В 9 утра принесли завтрак, но позавтракать мне удалось только в половину 11 утра, когда пришли забирать тарелки, тогда же я и почистила зубы и приняла душ. Было боязно, я не знала, чего ожидать от своей промежности: там мои швы и органы и кровь. Есть у меня особенность, когда я вижу или трогаю рану у себя на теле, или вижу как у меня забирают кровь, мне становится дурно, но тут плоховать было нельзя, у меня теперь была новая роль и миссия.
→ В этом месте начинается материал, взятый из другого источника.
definition simple_triod_with_top :: "'a::metric_space set \<Rightarrow> 'a \<Rightarrow> bool" where
  "simple_triod_with_top T v \<longleftrightarrow>
     (\<exists>A1 A2 A3 a1 a2 a3.
        arc_between A1 v a1 \<and> arc_between A2 v a2 \<and> arc_between A3 v a3 \<and>
        A1 \<inter> A2 = {v} \<and> A1 \<inter> A3 = {v} \<and> A2 \<inter> A3 = {v} \<and>
        T = A1 \<union> A2 \<union> A3)"

definition ramification_point :: "'a::metric_space set \<Rightarrow> 'a \<Rightarrow> bool" where
  "ramification_point X x \<longleftrightarrow> (\<exists>T. T \<subseteq> X \<and> simple_triod_with_top T x)"

definition fan :: "'a::metric_space set \<Rightarrow> bool" where
  "fan X \<longleftrightarrow> dendroid X \<and>
     (\<forall>x y. ramification_point X x \<and> ramification_point X y \<longrightarrow> x = y)"

definition end_points :: "'a::metric_space set \<Rightarrow> 'a set" where
  "end_points X = {x \<in> X. \<forall>A a b. A \<subseteq> X \<and> arc_between A a b \<and> x \<in> A \<longrightarrow> x = a \<or> x = b}"

definition hausdorff_dist :: "'a::metric_space set \<Rightarrow> 'a set \<Rightarrow> real" where
  "hausdorff_dist A B = max (SUP a\<in>A. setdist {a} B) (SUP b\<in>B. setdist {b} A)"

text \<open>The arc from v to x in X (degenerate {v} when x = v); in a dendroid it is unique.\<close>
definition arc_in_from_to :: "'a::metric_space set \<Rightarrow> 'a \<Rightarrow> 'a \<Rightarrow> 'a set \<Rightarrow> bool" where
  "arc_in_from_to X v x A \<longleftrightarrow> A \<subseteq> X \<and> (if x = v then A = {v} else arc_between A v x)"

definition smooth_fan_with_top :: "'a::metric_space set \<Rightarrow> 'a \<Rightarrow> bool" where
  "smooth_fan_with_top X v \<longleftrightarrow> fan X \<and> ramification_point X v \<and>
     (\<forall>x s A As. x \<in> X \<and> (\<forall>n. s n \<in> X) \<and> s \<longlonglongrightarrow> x \<and>
        arc_in_from_to X v x A \<and> (\<forall>n. arc_in_from_to X v (s n) (As n))
        \<longrightarrow> (\<lambda>n. hausdorff_dist (As n) A) \<longlonglongrightarrow> 0)"

definition lelek_fan :: "'a::metric_space set \<Rightarrow> bool" where
  "lelek_fan X \<longleftrightarrow> (\<exists>v. smooth_fan_with_top X v) \<and> closure (end_points X) = X"

definition cantor_set :: "real set" where
  "cantor_set = {x. \<exists>d::nat \<Rightarrow> nat. (\<forall>n. d n \<in> {0, 2}) \<and>
                        x = (\<Sum>n. real (d n) / 3 ^ (Suc n))}"

definition standard_cantor_fan :: "(real \<times> real) set" where
  "standard_cantor_fan = (\<Union>c\<in>cantor_set. closed_segment (1/2, 0) (c, 1))"

definition cantor_fan :: "'a::metric_space set \<Rightarrow> bool" where
  "cantor_fan X \<longleftrightarrow> X homeomorphic standard_cantor_fan"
В общем очень много лирики, подмылась я спокойно, смыла всю кровь, она стекала как в голливудских фильмах.
Когда все дела были закончены и появилось свободное время, я просто села любоваться сыном, его удивительной неосознанной мимикой, улыбками сквозь сон, хмурыми бровками и тем как он чихает. Надо ли говорить как каждое движение, каждая эмоция и действие маленького человека отражается в сердце матери.. я смотрела на него с упоением, не дыша примерно до 15 часов.
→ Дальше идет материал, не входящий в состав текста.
lemma wedge_form_rk_increment:
  fixes M :: "real^'n^'n" and z0 z1 :: "'p::real_normed_vector \<Rightarrow> real^'n"
    and U Y :: "nat \<Rightarrow> 'p \<Rightarrow> real^'n"
  assumes skew: "transpose M = - M"
    and sympl: "\<And>k j. k < r \<Longrightarrow> j < r \<Longrightarrow> b k * b j - b k * a k j - b j * a j k = 0"
    and diff_z0: "z0 differentiable (at \<theta>)" and diff_U: "\<And>k. k < r \<Longrightarrow> U k differentiable (at \<theta>)"
    and stage: "\<And>k t. k < r \<Longrightarrow> Y k t = z0 t + \<tau> *\<^sub>R (\<Sum>j<r. a k j *\<^sub>R U j t)"
    and step: "\<And>t. z1 t = z0 t + \<tau> *\<^sub>R (\<Sum>k<r. b k *\<^sub>R U k t)"
  shows "wedge_form M z1 \<theta> u v - wedge_form M z0 \<theta> u v
       = 2 * \<tau> * (\<Sum>k<r. b k *
           (matrix_form M (frechet_derivative (U k) (at \<theta>) u) (frechet_derivative (Y k) (at \<theta>) v)
          + matrix_form M (frechet_derivative (Y k) (at \<theta>) u) (frechet_derivative (U k) (at \<theta>) v)))"
proof -
  let ?D = "\<lambda>f w. frechet_derivative f (at \<theta>) w"
  have dY: "?D (Y k) w = ?D z0 w + \<tau> *\<^sub>R (\<Sum>j<r. a k j *\<^sub>R ?D (U j) w)" if "k < r" for k w
  proof -
    have "Y k = (\<lambda>t. z0 t + \<tau> *\<^sub>R (\<Sum>j<r. a k j *\<^sub>R U j t))" using stage[OF that] by (rule ext)
    then show ?thesis by (simp add: frechet_derivative_add_scaleR_sum diff_z0 diff_U)
  qed
  have "z1 = (\<lambda>t. z0 t + \<tau> *\<^sub>R (\<Sum>k<r. b k *\<^sub>R U k t))" using step by (rule ext)
  then have dz1: "?D z1 w = ?D z0 w + \<tau> *\<^sub>R (\<Sum>k<r. b k *\<^sub>R ?D (U k) w)" for w
    by (simp add: frechet_derivative_add_scaleR_sum diff_z0 diff_U)
  show ?thesis
    unfolding wedge_form_skew[OF skew] dz1
    using bilinear_rk_increment[OF bilinear_matrix_form[of M] sympl dY[of _ u] dY[of _ v]]
    by simp
qed

section \<open>The linearized stage equation\<close>

lemma linearized_stage_equation:
  fixes K L :: "real^'n^'n" and T X Z :: "'p::real_normed_vector \<Rightarrow> real^'n"
  assumes eq: "\<And>t. \<tau> *\<^sub>R (K *v T t) + \<tau> *\<^sub>R (L *v X t) = \<tau> *\<^sub>R grad S1 (Z t) + c *\<^sub>R grad S2 (Z t)"
    and dT: "T differentiable (at \<theta>)" and dX: "X differentiable (at \<theta>)" and dZ: "Z differentiable (at \<theta>)"
    and sm1: "smooth_fun S1" and sm2: "smooth_fun S2"
  shows "\<tau> *\<^sub>R (K *v frechet_derivative T (at \<theta>) w) + \<tau> *\<^sub>R (L *v frechet_derivative X (at \<theta>) w)
       = (\<tau> *\<^sub>R hessian S1 (Z \<theta>) + c *\<^sub>R hessian S2 (Z \<theta>)) *v frechet_derivative Z (at \<theta>) w"
proof -
  let ?D = "\<lambda>f w. frechet_derivative f (at \<theta>) w"
  have bl: "bounded_linear ((*v) M)" for M :: "real^'n^'n" by simp
  have lhs: "((\<lambda>t. \<tau> *\<^sub>R (K *v T t) + \<tau> *\<^sub>R (L *v X t)) has_derivative
      (\<lambda>w. \<tau> *\<^sub>R (K *v ?D T w) + \<tau> *\<^sub>R (L *v ?D X w))) (at \<theta>)"
    using dT dX unfolding frechet_derivative_works
    by (intro has_derivative_add has_derivative_scaleR_right bounded_linear.has_derivative[OF bl])
  have rhs: "((\<lambda>t. \<tau> *\<^sub>R grad S1 (Z t) + c *\<^sub>R grad S2 (Z t)) has_derivative
      (\<lambda>w. \<tau> *\<^sub>R (hessian S1 (Z \<theta>) *v ?D Z w) + c *\<^sub>R (hessian S2 (Z \<theta>) *v ?D Z w))) (at \<theta>)"
    using dZ unfolding frechet_derivative_works
    by (intro has_derivative_add has_derivative_scaleR_right
        has_derivative_compose[OF _ has_derivative_grad[OF sm1]]
        has_derivative_compose[OF _ has_derivative_grad[OF sm2]])
  from has_derivative_unique[OF lhs[unfolded eq] rhs] show ?thesis
    by (simp add: fun_eq_iff matrix_vector_mult_add_rdistrib scaleR_matrix_vector_assoc)
qed

lemma skew_stage_forms_cancel:
  fixes K L H :: "real^'n^'n"
  assumes skK: "transpose K = - K" and skL: "transpose L = - L" and symH: "transpose H = H"
    and "\<tau> \<noteq> 0"
    and eq: "\<tau> *\<^sub>R (K *v T) + \<tau> *\<^sub>R (L *v X) = H *v Z"
    and eq': "\<tau> *\<^sub>R (K *v T') + \<tau> *\<^sub>R (L *v X') = H *v Z'"
  shows "matrix_form K T Z' + matrix_form K Z T' + matrix_form L X Z' + matrix_form L Z X' = 0"
proof -
  have "\<tau> * (matrix_form K T Z' + matrix_form K Z T' + matrix_form L X Z' + matrix_form L Z X')
      = Z \<bullet> (\<tau> *\<^sub>R (K *v T') + \<tau> *\<^sub>R (L *v X')) - Z' \<bullet> (\<tau> *\<^sub>R (K *v T) + \<tau> *\<^sub>R (L *v X))"
    using matrix_form_skew[OF skK, of T Z'] matrix_form_skew[OF skL, of X Z']
    by (simp add: matrix_form_def inner_add_right algebra_simps)
  also have "\<dots> = matrix_form H Z Z' - matrix_form H Z' Z"
    by (simp add: eq eq' matrix_form_def)
  also have "\<dots> = 0"
    using matrix_form_transpose[of H Z' Z] symH by simp
  finally show ?thesis using \<open>\<tau> \<noteq> 0\<close> by simp
qed

lemma discrete_conservation_from_increments:
  fixes \<omega>0 \<omega>1 \<kappa>0 \<kappa>1 :: "nat \<Rightarrow> real" and E F :: "nat \<Rightarrow> nat \<Rightarrow> real"
  assumes "\<tau> \<noteq> 0" "h \<noteq> 0"
    and time: "\<And>m. m < s \<Longrightarrow> \<omega>1 m - \<omega>0 m = 2 * \<tau> * (\<Sum>k<r. b k * E m k)"
    and space: "\<And>k. k < r \<Longrightarrow> \<kappa>1 k - \<kappa>0 k = 2 * h * (\<Sum>m<s. bb m * F m k)"
    and cancel: "\<And>m k. m < s \<Longrightarrow> k < r \<Longrightarrow> E m k + F m k = 0"
  shows "((1/2) * (\<Sum>m<s. bb m * \<omega>1 m) - (1/2) * (\<Sum>m<s. bb m * \<omega>0 m)) / \<tau>
       + ((1/2) * (\<Sum>k<r. b k * \<kappa>1 k) - (1/2) * (\<Sum>k<r. b k * \<kappa>0 k)) / h = 0"
proof -
  have "((1/2) * (\<Sum>m<s. bb m * \<omega>1 m) - (1/2) * (\<Sum>m<s. bb m * \<omega>0 m)) / \<tau>
      = (\<Sum>m<s. bb m * (\<omega>1 m - \<omega>0 m)) / (2 * \<tau>)"
    by (simp add: sum_subtractf right_diff_distrib diff_divide_distrib)
  also have "\<dots> = (\<Sum>m<s. \<Sum>k<r. bb m * b k * E m k)"
    using \<open>\<tau> \<noteq> 0\<close> by (simp add: time sum_divide_distrib sum_distrib_left mult_ac)
  finally have \<omega>: "((1/2) * (\<Sum>m<s. bb m * \<omega>1 m) - (1/2) * (\<Sum>m<s. bb m * \<omega>0 m)) / \<tau>
      = (\<Sum>m<s. \<Sum>k<r. bb m * b k * E m k)" .
  have "((1/2) * (\<Sum>k<r. b k * \<kappa>1 k) - (1/2) * (\<Sum>k<r. b k * \<kappa>0 k)) / h
      = (\<Sum>k<r. b k * (\<kappa>1 k - \<kappa>0 k)) / (2 * h)"
    by (simp add: sum_subtractf right_diff_distrib diff_divide_distrib)
  also have "\<dots> = (\<Sum>k<r. \<Sum>m<s. bb m * b k * F m k)"
    using \<open>h \<noteq> 0\<close> by (simp add: space sum_divide_distrib sum_distrib_left mult_ac)
  also have "\<dots> = (\<Sum>m<s. \<Sum>k<r. bb m * b k * F m k)"
    by (rule sum.swap)
  finally have \<kappa>: "((1/2) * (\<Sum>k<r. b k * \<kappa>1 k) - (1/2) * (\<Sum>k<r. b k * \<kappa>0 k)) / h
      = (\<Sum>m<s. \<Sum>k<r. bb m * b k * F m k)" .
  have "(\<Sum>m<s. \<Sum>k<r. bb m * b k * E m k) + (\<Sum>m<s. \<Sum>k<r. bb m * b k * F m k)
      = (\<Sum>m<s. \<Sum>k<r. bb m * b k * (E m k + F m k))"
    by (simp add: sum.distrib[symmetric] distrib_left)
  also have "\<dots> = 0" by (simp add: cancel)
  finally show ?thesis unfolding \<omega> \<kappa> .
qed

theorem mainTheorem1:
  fixes K L :: "real^'n^'n"
    and S1 S2 :: "real^'n \<Rightarrow> real"
    and r s :: nat
    and a :: "nat \<Rightarrow> nat \<Rightarrow> real" and b :: "nat \<Rightarrow> real"
    and aa :: "nat \<Rightarrow> nat \<Rightarrow> real" and bb :: "nat \<Rightarrow> real"
    and \<tau> h :: real
    and dW :: "nat \<Rightarrow> nat \<Rightarrow> real"
    and Z dtZ dxZ :: "nat \<Rightarrow> nat \<Rightarrow> 'p::euclidean_space \<Rightarrow> real^'n"
    and zp zp1 zi zi1 :: "nat \<Rightarrow> 'p \<Rightarrow> real^'n"
  assumes n2: "CARD('n) \<ge> 2"
    and skewK: "transpose K = - K" and skewL: "transpose L = - L"
    and smooth1: "smooth_fun S1" and smooth2: "smooth_fun S2"
    and tau_pos: "\<tau> > 0" and h_pos: "h > 0"
    and sympl_t: "\<And>k j. k < r \<Longrightarrow> j < r \<Longrightarrow> b k * b j - b k * a k j - b j * a j k = 0"
    and sympl_x: "\<And>m n. m < s \<Longrightarrow> n < s \<Longrightarrow> bb m * bb n - bb m * aa m n - bb n * aa n m = 0"
    and diff_Z: "\<And>m k \<theta>. m < s \<Longrightarrow> k < r \<Longrightarrow>
        Z m k differentiable (at \<theta>) \<and> dtZ m k differentiable (at \<theta>) \<and> dxZ m k differentiable (at \<theta>)"
    and diff_zm: "\<And>m \<theta>. m < s \<Longrightarrow> zp m differentiable (at \<theta>) \<and> zp1 m differentiable (at \<theta>)"
    and diff_zk: "\<And>k \<theta>. k < r \<Longrightarrow> zi k differentiable (at \<theta>) \<and> zi1 k differentiable (at \<theta>)"
    and eq1: "\<And>m k \<theta>. m < s \<Longrightarrow> k < r \<Longrightarrow>
        Z m k \<theta> = zp m \<theta> + \<tau> *\<^sub>R (\<Sum>j<r. a k j *\<^sub>R dtZ m j \<theta>)"
    and eq2: "\<And>m \<theta>. m < s \<Longrightarrow>
        zp1 m \<theta> = zp m \<theta> + \<tau> *\<^sub>R (\<Sum>k<r. b k *\<^sub>R dtZ m k \<theta>)"
    and eq3: "\<And>m k \<theta>. m < s \<Longrightarrow> k < r \<Longrightarrow>
        Z m k \<theta> = zi k \<theta> + h *\<^sub>R (\<Sum>n<s. aa m n *\<^sub>R dxZ n k \<theta>)"
    and eq4: "\<And>k \<theta>. k < r \<Longrightarrow>
        zi1 k \<theta> = zi k \<theta> + h *\<^sub>R (\<Sum>m<s. bb m *\<^sub>R dxZ m k \<theta>)"
    and eq5: "\<And>m k \<theta>. m < s \<Longrightarrow> k < r \<Longrightarrow>
        \<tau> *\<^sub>R (K *v dtZ m k \<theta>) + \<tau> *\<^sub>R (L *v dxZ m k \<theta>)
          = \<tau> *\<^sub>R grad S1 (Z m k \<theta>) + dW m k *\<^sub>R grad S2 (Z m k \<theta>)"
  shows "\<forall>\<theta> u v.
     ((1/2) * (\<Sum>m<s. bb m * wedge_form K (zp1 m) \<theta> u v)
        - (1/2) * (\<Sum>m<s. bb m * wedge_form K (zp m) \<theta> u v)) / \<tau>
   + ((1/2) * (\<Sum>k<r. b k * wedge_form L (zi1 k) \<theta> u v)
        - (1/2) * (\<Sum>k<r. b k * wedge_form L (zi k) \<theta> u v)) / h = 0"
proof -
  let ?D = "\<lambda>f \<theta> w. frechet_derivative f (at \<theta>) w"
  define E where "E \<theta> u v m k = matrix_form K (?D (dtZ m k) \<theta> u) (?D (Z m k) \<theta> v)
      + matrix_form K (?D (Z m k) \<theta> u) (?D (dtZ m k) \<theta> v)" for \<theta> u v m k
  define F where "F \<theta> u v m k = matrix_form L (?D (dxZ m k) \<theta> u) (?D (Z m k) \<theta> v)
      + matrix_form L (?D (Z m k) \<theta> u) (?D (dxZ m k) \<theta> v)" for \<theta> u v m k
  have time: "wedge_form K (zp1 m) \<theta> u v - wedge_form K (zp m) \<theta> u v
      = 2 * \<tau> * (\<Sum>k<r. b k * E \<theta> u v m k)" if "m < s" for \<theta> u v m
    unfolding E_def using that diff_zm diff_Z
    by (intro wedge_form_rk_increment[OF skewK sympl_t]) (auto simp: eq1 eq2)
  have space: "wedge_form L (zi1 k) \<theta> u v - wedge_form L (zi k) \<theta> u v
      = 2 * h * (\<Sum>m<s. bb m * F \<theta> u v m k)" if "k < r" for \<theta> u v k
    unfolding F_def using that diff_zk diff_Z
    by (intro wedge_form_rk_increment[OF skewL sympl_x, where Y = "\<lambda>m. Z m k"]) (auto simp: eq3 eq4)
  have cancel: "E \<theta> u v m k + F \<theta> u v m k = 0" if "m < s" "k < r" for \<theta> u v m k
  proof -
    have lin: "\<tau> *\<^sub>R (K *v ?D (dtZ m k) \<theta> w) + \<tau> *\<^sub>R (L *v ?D (dxZ m k) \<theta> w)
        = (\<tau> *\<^sub>R hessian S1 (Z m k \<theta>) + dW m k *\<^sub>R hessian S2 (Z m k \<theta>)) *v ?D (Z m k) \<theta> w" for w
      using that diff_Z eq5 by (intro linearized_stage_equation smooth1 smooth2) auto
    have "transpose (\<tau> *\<^sub>R hessian S1 (Z m k \<theta>) + dW m k *\<^sub>R hessian S2 (Z m k \<theta>))
        = \<tau> *\<^sub>R hessian S1 (Z m k \<theta>) + dW m k *\<^sub>R hessian S2 (Z m k \<theta>)"
      by (simp add: transpose_add transpose_scalar hessian_symmetric smooth1 smooth2)
    from skew_stage_forms_cancel[OF skewK skewL this _ lin lin] tau_pos show ?thesis
      unfolding E_def F_def by (simp add: algebra_simps)
  qed
  show ?thesis
    using discrete_conservation_from_increments[OF _ _ time space cancel] tau_pos h_pos by simp
qed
В тот момент он начал истошно кричать. Он кричал долго у меня на руках, это был пронизывающий крик, пугающий до мозга костей, его лицо было пурпурным, глаза закрыты, я смотрела в его открытый рот, где дрожал его язык, извергая эти звуки, и не знала, чем помочь, я паниковала, ходила по палате из угла в угол, укачивала, я проверила подгузник, я пыталась кормить - ничего не помогало. Его крик стоял у меня в горле, словно это кричу я, и мне хотелось кричать вместе с ним. До родов я жила в убеждении, что я сильная львица, что я буду защищать свой прайд. Но как же эта львица, честно говоря, обосралась уже на второй день. В итоге я заплакала. Мы оба плакали, я не знала причины его плача, но я плакала от своей собственной беспомощности, за которую мне было одновременно стыдно. Это уже потом, спустя время, я поняла, что не усвоила самый главный урок: ребёнок только что родился, он имеет право плакать просто так и от чего угодно, от страха, от боли, от того, что слишком жарко или давит подгузник, от того, что не может сходить в туалет или потому, что сходил, от того, что хочет есть, но устал сосать - ОТ ЧЕГО УГОДНО.
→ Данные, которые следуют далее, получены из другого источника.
subsection \<open>Idempotents of $M_2(R;s)$ over a local ring\<close>

lemma corner_products_in_jacobson:
  assumes loc: "local_ring TYPE('a::ring_1)" and cs: "central (s::'a)"
    and corner: "s^2 * b \<in> jacobson \<or> s^2 * c \<in> jacobson"
  shows "s^2 * b * x * c \<in> jacobson" and "s^2 * c * x * b \<in> jacobson"
proof -
  have "s^2 * b * x * c = (s^2 * b) * (x * c)" "s^2 * b * x * c = (b * x) * (s^2 * c)"
    "s^2 * c * x * b = (s^2 * c) * (x * b)" "s^2 * c * x * b = (c * x) * (s^2 * b)"
    by (simp_all add: mult.assoc central_power2_left_commute[OF cs])
  then show "s^2 * b * x * c \<in> jacobson" and "s^2 * c * x * b \<in> jacobson"
    using corner jacobson_mult_left local_ring_jacobson_mult_right[OF loc] by metis+
qed

lemma idempotent_similar_E11:
  assumes loc: "local_ring TYPE('a::ring_1)" and cs: "central (s::'a)"
    and idem: "mmult s (a, b, c, d) (a, b, c, d) = (a, b, c, d)"
    and "a \<notin> jacobson" and "1 - d \<notin> jacobson"
    and corner: "\<And>x. s^2 * c * x * b \<in> jacobson"
  shows "msimilar s (a, b, c, d) (1, 0, 0, 0)"
proof -
  obtain a' where a': "a * a' = 1" "a' * a = 1" using local_ring_invertible[OF loc \<open>a \<notin> jacobson\<close>] .
  have "(1 - d) - s^2 * c * a' * (- b) \<notin> jacobson"
    using local_ring_notin_jacobson_add[OF \<open>1 - d \<notin> jacobson\<close> corner[of a']] by simp
  then obtain e where "((1 - d) - s^2 * c * a' * (- b)) * e = 1"
      "e * ((1 - d) - s^2 * c * a' * (- b)) = 1"
    using local_ring_invertible[OF loc] by blast
  then have "munit s (a, - b, c, 1 - d)" by (rule munit_schur_upper_left[OF cs a'])
  moreover have "mmult s (a, b, c, d) (a, - b, c, 1 - d) = mmult s (a, - b, c, 1 - d) (1, 0, 0, 0)"
    using idem by (simp add: algebra_simps)
  ultimately show ?thesis by (rule msimilar_if_intertwined[OF cs])
qed

lemma idempotent_invertible_diagonal_eq_mone:
  assumes loc: "local_ring TYPE('a::ring_1)" and cs: "central (s::'a)"
    and idem: "mmult s (a, b, c, d) (a, b, c, d) = (a, b, c, d)"
    and "a \<notin> jacobson" and "d \<notin> jacobson"
    and corner: "\<And>x. s^2 * c * x * b \<in> jacobson"
  shows "(a, b, c, d) = mone"
proof -
  obtain a' where a': "a * a' = 1" "a' * a = 1" using local_ring_invertible[OF loc \<open>a \<notin> jacobson\<close>] .
  have "d + - (s^2 * c * a' * b) \<notin> jacobson"
    using local_ring_notin_jacobson_add[OF \<open>d \<notin> jacobson\<close>] corner jacobson_minus_iff by blast
  then obtain e where "(d - s^2 * c * a' * b) * e = 1" "e * (d - s^2 * c * a' * b) = 1"
    using local_ring_invertible[OF loc] by (metis diff_conv_add_uminus)
  then have "munit s (a, b, c, d)" by (rule munit_schur_upper_left[OF cs a'])
  then show ?thesis by (rule munit_idempotent_eq_mone[OF cs _ idem])
qed

lemma idempotent_eq_mone_or_similar_E11:
  assumes loc: "local_ring TYPE('a::ring_1)" and cs: "central (s::'a)"
    and idem: "mmult s (a, b, c, d) (a, b, c, d) = (a, b, c, d)"
    and "a \<notin> jacobson" and corner: "s^2 * b \<in> jacobson \<or> s^2 * c \<in> jacobson"
  shows "(a, b, c, d) = mone \<or> msimilar s (a, b, c, d) (1, 0, 0, 0)"
proof -
  have cb: "s^2 * c * x * b \<in> jacobson" for x
    by (rule corner_products_in_jacobson(2)[OF loc cs corner])
  have "d * (1 - d) = s^2 * c * 1 * b"
    using idem by (simp add: algebra_simps)
  then consider "d \<notin> jacobson" | "1 - d \<notin> jacobson"
    using local_ring_jacobson_or_one_minus[OF loc] local_ring_one_minus_notin_jacobson[OF loc] cb
    by metis
  then show ?thesis
    using idempotent_invertible_diagonal_eq_mone[OF loc cs idem \<open>a \<notin> jacobson\<close> _ cb]
      idempotent_similar_E11[OF loc cs idem \<open>a \<notin> jacobson\<close> _ cb]
    by cases blast+
qed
Спустя время, чуть успокоившись, я позвонила мужу, мне нужно было услышать его голос, чтобы перенестись из этих стен на 5 минут, переключиться, восстановиться и собраться. Я обрела себя и с новыми силами вернулась к сыну. Я сняла подгузник, и мне показалось, что у сына пошло раздражение на промежности, потом он сходил в туалет, я смазала все Бепантеном, и он перестал плакать, а потом уснул. Но с того момента во мне начали происходить метаморфозы и имя им было Baby blues. Я начала плакать от каждой ерунды: что я не уследила и допустила раздражение, что он просто мучается от того, что родился, что ему страшно. Я плакала, когда у него появилась эритрема. Я также плакала от того, что он такой милый и красивый. Я плакала потому, что я устала сидеть в этой палате, она казалась мне тюрьмой. Я плакала потому, что скучала по дому и по мужу. Я плакала потому, что сын никогда не увидит свою бабушку (мою маму), что ее нет, что она так сильно была бы мне нужна сейчас. Я плакала часто. И эти слёзы пугали меня больше, чем крики Марка, новый быт, перестрой нашей жизни и все прочее. Я боялась своего сопливого состояния, начитавшись статей о послеродовой депрессии. Львица которая терпела фиаско.